The rabbis therefore established the tradition “to strengthen the faith and trust [of the community] in the redemption of the Jewish people and the coming of the Messiah,” Ben-Dahan said.

Chetboun, whose parents immigrated from Morocco to Israel, lauded the celebration as a cultural contribution to the state.

“The Mimouna is the warmth and hospitality which immigrants from Morocco and North Africa contributed to Israeli society,” Chetboun said.

“Above the arguments and the differences between cultures and communities, and for sure beyond the political arguments, we are all one people and its important to remember this.

“We must also remember the spiritual value of the Mimouna as a sign of the expectation and yearning for the coming of the redeemer at the end of Passover, from the redemption of Egypt to the future redemption.”
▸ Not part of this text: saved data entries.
lemma levels_determined_by_code:
  assumes forests: "(F1, E1) \<in> layered_forests A lab n N" "(F2, E2) \<in> layered_forests A lab n N"
    and code: "forest_code A \<Delta> F1 E1 = forest_code A \<Delta> F2 E2"
  shows "{w \<in> F1. snd w \<le> i} = {w \<in> F2. snd w \<le> i}"
proof (induction i)
  case 0
  have "(x, 0) \<in> F1 \<longleftrightarrow> (x, 0) \<in> F2" for x using code by (simp add: forest_code_def set_eq_iff)
  then show ?case by (auto simp: set_eq_iff)
next
  case (Suc i)
  have step: "v \<in> Fb"
    if fa: "(Fa, Ea) \<in> layered_forests A lab n N" and fb: "(Fb, Eb) \<in> layered_forests A lab n N"
      and numbers: "edge_number A \<Delta> Fa ` Ea = edge_number A \<Delta> Fb ` Eb"
      and below: "{w \<in> Fa. snd w \<le> i} = {w \<in> Fb. snd w \<le> i}"
      and v: "v \<in> Fa" "snd v = Suc i"
    for Fa Ea Fb Eb v
  proof -
    obtain u l where parent: "(u, v, l) \<in> Ea"
      using layered_forestsD(6)[OF fa v(1)] v(2) by (metis prod.collapse zero_less_Suc)
    then have "snd u = i" using layered_forestsD(4)[OF fa parent] v(2) by simp
    then have "(u, v, l) \<in> Eb" using edge_determined_by_code[OF fa fb numbers] below parent by simp
    then show ?thesis using layered_forestsD(4)[OF fb] by blast
  qed
  have numbers: "edge_number A \<Delta> F1 ` E1 = edge_number A \<Delta> F2 ` E2"
    using code by (simp add: forest_code_def)
  show ?case
    using Suc.IH step[OF forests numbers Suc.IH] step[OF forests(2,1) numbers[symmetric] Suc.IH[symmetric]]
    by (auto simp: le_Suc_eq set_eq_iff)
qed

lemma forest_code_inj: "inj_on (\<lambda>(F, E). forest_code A \<Delta> F E) (layered_forests A lab n N)"
proof (rule inj_onI)
  fix x y
  assume "x \<in> layered_forests A lab n N" "y \<in> layered_forests A lab n N"
    and "(\<lambda>(F, E). forest_code A \<Delta> F E) x = (\<lambda>(F, E). forest_code A \<Delta> F E) y"
  moreover obtain F1 E1 F2 E2 where xy: "x = (F1, E1)" "y = (F2, E2)" by fastforce
  ultimately have forests: "(F1, E1) \<in> layered_forests A lab n N" "(F2, E2) \<in> layered_forests A lab n N"
    and code: "forest_code A \<Delta> F1 E1 = forest_code A \<Delta> F2 E2"
    by simp_all
  note levels = levels_determined_by_code[OF forests code]
  have numbers: "edge_number A \<Delta> F1 ` E1 = edge_number A \<Delta> F2 ` E2"
    using code by (simp add: forest_code_def)
  have "F1 = F2" using levels by blast
  moreover have "E1 = E2"
    using edge_determined_by_code[OF forests numbers levels]
      edge_determined_by_code[OF forests(2,1) numbers[symmetric] levels[symmetric]]
    by auto
  ultimately show "x = y" using xy by simp
qed

lemma forest_code_range:
  assumes forest: "(F, E) \<in> layered_forests A lab n N"
  shows "forest_code A \<Delta> F E \<in> Pow {..<n} \<times> {Z. Z \<subseteq> {..<\<Delta> * N} \<and> card Z \<le> N}"
proof -
  note F = layered_forestsD[OF forest]
  have "\<forall>e\<in>E. edge_number A \<Delta> F e < \<Delta> * N"
  proof
    fix e assume "e \<in> E"
    obtain u v l where e: "e = (u, v, l)" by (cases e)
    have uv: "u \<in> F" "(fst u, fst v) \<in> A" using F(4)[of u v l] \<open>e \<in> E\<close> unfolding e by simp_all
    have "rank prod.swap F u < N" using rank_less_card[OF F(1) uv(1)] F(2) by simp
    moreover have "rank id (A `` {fst u}) (fst v) < \<Delta>" using neighbour_rank_less[OF uv(2)] .
    ultimately have "edge_number A \<Delta> F e < Suc (rank prod.swap F u) * \<Delta>"
      using e by (simp add: edge_number_def)
    also have "\<dots> \<le> \<Delta> * N"
      using \<open>rank prod.swap F u < N\<close> by (metis Suc_leI mult.commute mult_le_mono1)
    finally show "edge_number A \<Delta> F e < \<Delta> * N" .
  qed
  moreover have "inj_on (\<lambda>e. fst (snd e)) E" using F(5) by (meson inj_onI)
  moreover have "(\<lambda>e. fst (snd e)) ` E \<subseteq> F" using F(4) by fastforce
  ultimately have "finite E" "card E \<le> N" using F(1,2) inj_on_finite card_inj_on_le by metis+
  then have "card (edge_number A \<Delta> F ` E) \<le> N" using card_image_le le_trans by blast
  with \<open>\<forall>e\<in>E. edge_number A \<Delta> F e < \<Delta> * N\<close> show ?thesis
    using F(3) by (auto simp: forest_code_def)
qed

lemma card_layered_forests:
  "finite (layered_forests A lab n N)"
  "card (layered_forests A lab n N) \<le> 2 ^ n * (\<Sum>k\<le>N. (\<Delta> * N) choose k)"
proof -
  let ?C = "Pow {..<n} \<times> {Z. Z \<subseteq> {..<\<Delta> * N} \<and> card Z \<le> N}"
  have maps_to: "(\<lambda>(F, E). forest_code A \<Delta> F E) ` layered_forests A lab n N \<subseteq> ?C"
  proof (rule image_subsetI, clarify)
    fix F E assume "(F, E) \<in> layered_forests A lab n N"
    then show "forest_code A \<Delta> F E \<in> ?C" by (rule forest_code_range)
  qed
  show "finite (layered_forests A lab n N)"
    using inj_on_finite[OF forest_code_inj maps_to] by simp
  have "card (layered_forests A lab n N) \<le> card ?C"
    using card_inj_on_le[OF forest_code_inj maps_to] by simp
  also have "\<dots> \<le> 2 ^ n * (\<Sum>k\<le>N. (\<Delta> * N) choose k)"
    using card_subsets_card_le by (simp add: card_cartesian_product card_Pow)
  finally show "card (layered_forests A lab n N) \<le> 2 ^ n * (\<Sum>k\<le>N. (\<Delta> * N) choose k)" .
qed

end

section \<open>Relabelling along an injection\<close>

definition rel_relabel :: "('a \<Rightarrow> 'b) \<Rightarrow> 'a set \<Rightarrow> 'a rel \<Rightarrow> 'b rel" where
  "rel_relabel h V r = map_prod h h ` (r \<inter> V \<times> V)"

definition assign_relabel :: "('a \<Rightarrow> 'b) \<Rightarrow> 'a set \<Rightarrow> 'a set \<Rightarrow> ('a \<Rightarrow> 'c) \<Rightarrow> 'b \<Rightarrow> 'c" where
  "assign_relabel h V W \<sigma> = restrict (\<sigma> \<circ> inv_into V h) (h ` W)"

definition fedge_relabel :: "('a \<Rightarrow> 'b) \<Rightarrow> ('a \<times> nat) \<times> ('a \<times> nat) \<times> nat \<Rightarrow> ('b \<times> nat) \<times> ('b \<times> nat) \<times> nat" where
  "fedge_relabel h = (\<lambda>((x, i), (y, j), l). ((h x, i), (h y, j), l))"

lemma rel_relabel_iff:
  assumes "inj_on h V" "x \<in> V" "y \<in> V"
  shows "(h x, h y) \<in> rel_relabel h V r \<longleftrightarrow> (x, y) \<in> r"
proof
  assume "(h x, h y) \<in> rel_relabel h V r"
  then obtain x' y' where "(x', y') \<in> r" "x' \<in> V" "y' \<in> V" "h x = h x'" "h y = h y'"
    unfolding rel_relabel_def by auto
  then show "(x, y) \<in> r" using assms inj_onD by metis
qed (use assms in \<open>force simp: rel_relabel_def\<close>)

lemma rel_relabel_subset: "rel_relabel h V r \<subseteq> h ` V \<times> h ` V"
  unfolding rel_relabel_def by auto

lemma assign_relabel_apply:
  assumes "inj_on h V" "W \<subseteq> V" "w \<in> W"
  shows "assign_relabel h V W \<sigma> (h w) = \<sigma> w"
  using assms unfolding assign_relabel_def by (auto simp: inv_into_f_f subsetD)

lemma assign_relabel_in_assign:
  assumes "inj_on h V" "W \<subseteq> V" "\<sigma> \<in> assign b W"
  shows "assign_relabel h V W \<sigma> \<in> assign b (h ` W)"
  using assms unfolding assign_relabel_def assign_def by (auto simp: inv_into_f_f subsetD)

lemma assign_relabel_inj:
  assumes "inj_on h V" "W \<subseteq> V"
  shows "inj_on (assign_relabel h V W) (assign b W)"
proof (rule inj_onI, rule ext)
  fix \<sigma> \<sigma>' w
  assume \<sigma>: "\<sigma> \<in> assign b W" "\<sigma>' \<in> assign b W" and eq: "assign_relabel h V W \<sigma> = assign_relabel h V W \<sigma>'"
  show "\<sigma> w = \<sigma>' w"
  proof (cases "w \<in> W")
    case True
    then have "\<sigma> w = assign_relabel h V W \<sigma> (h w)" by (simp add: assign_relabel_apply[OF assms])
    also have "\<dots> = \<sigma>' w" using True eq by (simp add: assign_relabel_apply[OF assms])
    finally show ?thesis .
  next
    case False
    then show ?thesis using \<sigma> unfolding assign_def by (metis PiE_arb)
  qed
qed

lemma fverts_relabel_iff:
  assumes "inj_on h V" "F \<subseteq> V \<times> UNIV" "x \<in> V"
  shows "(h x, i) \<in> map_prod h id ` F \<longleftrightarrow> (x, i) \<in> F"
proof
  assume "(h x, i) \<in> map_prod h id ` F"
  then obtain x' where "(x', i) \<in> F" "h x = h x'" by auto
  moreover from this have "x' \<in> V" using assms(2) by auto
  ultimately show "(x, i) \<in> F" using assms inj_onD by metis
qed force

lemma fedges_relabel_iff:
  assumes "inj_on h V" "\<forall>((x, i), (y, j), l)\<in>E. x \<in> V \<and> y \<in> V" "x \<in> V" "y \<in> V"
  shows "((h x, i), (h y, j), l) \<in> fedge_relabel h ` E \<longleftrightarrow> ((x, i), (y, j), l) \<in> E"
proof
  assume "((h x, i), (h y, j), l) \<in> fedge_relabel h ` E"
  then obtain x' y' where e: "((x', i), (y', j), l) \<in> E" "h x = h x'" "h y = h y'"
    unfolding fedge_relabel_def by force
  moreover have "x' \<in> V" "y' \<in> V" using assms(2) e(1) by fast+
  ultimately show "((x, i), (y, j), l) \<in> E" using assms inj_onD by metis
qed (force simp: fedge_relabel_def)

lemma fedge_relabel_apply: "fedge_relabel h (u, v, l) = (map_prod h id u, map_prod h id v, l)"
  by (cases u, cases v) (simp add: fedge_relabel_def)

lemma fedge_relabelE:
  assumes "d \<in> fedge_relabel h ` E"
  obtains u v l where "(u, v, l) \<in> E" "d = (map_prod h id u, map_prod h id v, l)"
proof -
  from assms obtain e where e: "d = fedge_relabel h e" "e \<in> E" by (rule imageE)
  obtain u v l where "e = (u, v, l)" by (rule prod_cases3)
  then show ?thesis using e that by (simp add: fedge_relabel_apply)
qed

section \<open>Isomorphisms of pseudo-landscapes\<close>

lemma pseudo_landscape_edges: "pseudo_landscape b L \<Longrightarrow> vg_edges L \<subseteq> vg_verts L \<times> vg_verts L"
  by (simp add: pseudo_landscape_def variable_graph_def)

lemma Var_subset_verts: "pseudo_landscape b L \<Longrightarrow> Var L x \<subseteq> vg_verts L"
  using pseudo_landscape_edges unfolding Var_def by blast

lemma pseudo_landscape_rule: "pseudo_landscape b L \<Longrightarrow> x \<in> vg_verts L \<Longrightarrow> dl_rule L x \<subseteq> assign b (Var L x)"
  by (simp add: pseudo_landscape_def)

lemma pseudo_landscape_fverts: "pseudo_landscape b L \<Longrightarrow> dl_fverts L \<subseteq> vg_verts L \<times> UNIV"
  by (simp add: pseudo_landscape_def)

lemma forest_edgeD:
  assumes "pseudo_landscape b L" "(u, v, l) \<in> dl_fedges L"
  shows "u \<in> dl_fverts L" "v \<in> dl_fverts L" "snd v = Suc (snd u)"
    "(fst u, fst v) \<in> relE L" "l = rel_label L (fst u) (fst v)"
proof -
  have "u \<in> dl_fverts L \<and> v \<in> dl_fverts L \<and> (u, v, l) \<in> canvasE L"
    using assms unfolding pseudo_landscape_def by fast
  then show "u \<in> dl_fverts L" "v \<in> dl_fverts L" "snd v = Suc (snd u)"
    "(fst u, fst v) \<in> relE L" "l = rel_label L (fst u) (fst v)"
    unfolding canvasE_def by auto
qed

lemma forest_edge_verts:
  "pseudo_landscape b L \<Longrightarrow> \<forall>((x, i), (y, j), l)\<in>dl_fedges L. x \<in> vg_verts L \<and> y \<in> vg_verts L"
  using forest_edgeD(1,2) pseudo_landscape_fverts by fastforce

lemma Var_image_of_edge_iso:
  assumes bij: "bij_betw f (vg_verts L1) (vg_verts L2)"
    and edges: "\<forall>x\<in>vg_verts L1. \<forall>y\<in>vg_verts L1. (x, y) \<in> vg_edges L1 \<longleftrightarrow> (f x, f y) \<in> vg_edges L2"
    and sub1: "vg_edges L1 \<subseteq> vg_verts L1 \<times> vg_verts L1" and sub2: "vg_edges L2 \<subseteq> vg_verts L2 \<times> vg_verts L2"
    and x: "x \<in> vg_verts L1"
  shows "Var L2 (f x) = f ` Var L1 x"
proof
  show "f ` Var L1 x \<subseteq> Var L2 (f x)"
    using edges x sub1 unfolding Var_def by blast
  show "Var L2 (f x) \<subseteq> f ` Var L1 x"
  proof
    fix z assume "z \<in> Var L2 (f x)"
    then have z: "(f x, z) \<in> vg_edges L2" unfolding Var_def by blast
    then obtain y where "y \<in> vg_verts L1" "z = f y"
      using sub2 bij unfolding bij_betw_def by blast
    then show "z \<in> f ` Var L1 x" using edges x z unfolding Var_def by blast
  qed
qed

lemma is_isoD:
  assumes "is_iso b f L1 L2"
  shows "bij_betw f (vg_verts L1) (vg_verts L2)"
    and "\<forall>x\<in>vg_verts L1. \<forall>y\<in>vg_verts L1. (x, y) \<in> vg_edges L1 \<longleftrightarrow> (f x, f y) \<in> vg_edges L2"
    and "\<forall>x\<in>vg_verts L1. \<forall>u\<in>vg_verts L1. \<forall>v\<in>vg_verts L1.
           ((u, v) \<in> vg_varord L1 x \<longleftrightarrow> (f u, f v) \<in> vg_varord L2 (f x)) \<and>
           ((u, v) \<in> vg_clord L1 x \<longleftrightarrow> (f u, f v) \<in> vg_clord L2 (f x))"
    and "\<forall>x\<in>vg_verts L1. \<forall>\<sigma>\<in>assign b (Var L1 x). \<forall>\<tau>\<in>assign b (Var L2 (f x)).
           (\<forall>v\<in>Var L1 x. \<tau> (f v) = \<sigma> v) \<longrightarrow> (\<sigma> \<in> dl_rule L1 x \<longleftrightarrow> \<tau> \<in> dl_rule L2 (f x))"
    and "\<forall>x\<in>vg_verts L1. \<forall>i. (x, i) \<in> dl_fverts L1 \<longleftrightarrow> (f x, i) \<in> dl_fverts L2"
    and "\<forall>x\<in>vg_verts L1. \<forall>y\<in>vg_verts L1. \<forall>i j l.
           ((x, i), (y, j), l) \<in> dl_fedges L1 \<longleftrightarrow> ((f x, i), (f y, j), l) \<in> dl_fedges L2"
    and "\<forall>x\<in>vg_verts L1. dl_final L2 (f x) = dl_final L1 x \<and> dl_pi L2 (f x) = dl_pi L1 x"
    and "\<forall>u\<in>dl_fverts L1. \<forall>v\<in>Var L1 (fst u). dl_prev L2 (f (fst u), snd u) (f v) = dl_prev L1 u v"
  using assms unfolding is_iso_def by simp_all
Jerusalem Mayor Nir Barkat also attended a Mimouna in the capital, saying that the holiday unites the people and the country.

Economy and Trade Minister and Bayit Yehudi leader Naftali Bennett attended a Mimouna in the southern city of Netivot and helped make the muflettot at the event.

Prime Minister Binyamin Netanyahu and his wife Sara also attended a Mimouna festival, traveling to a local celebration in Or Akiva.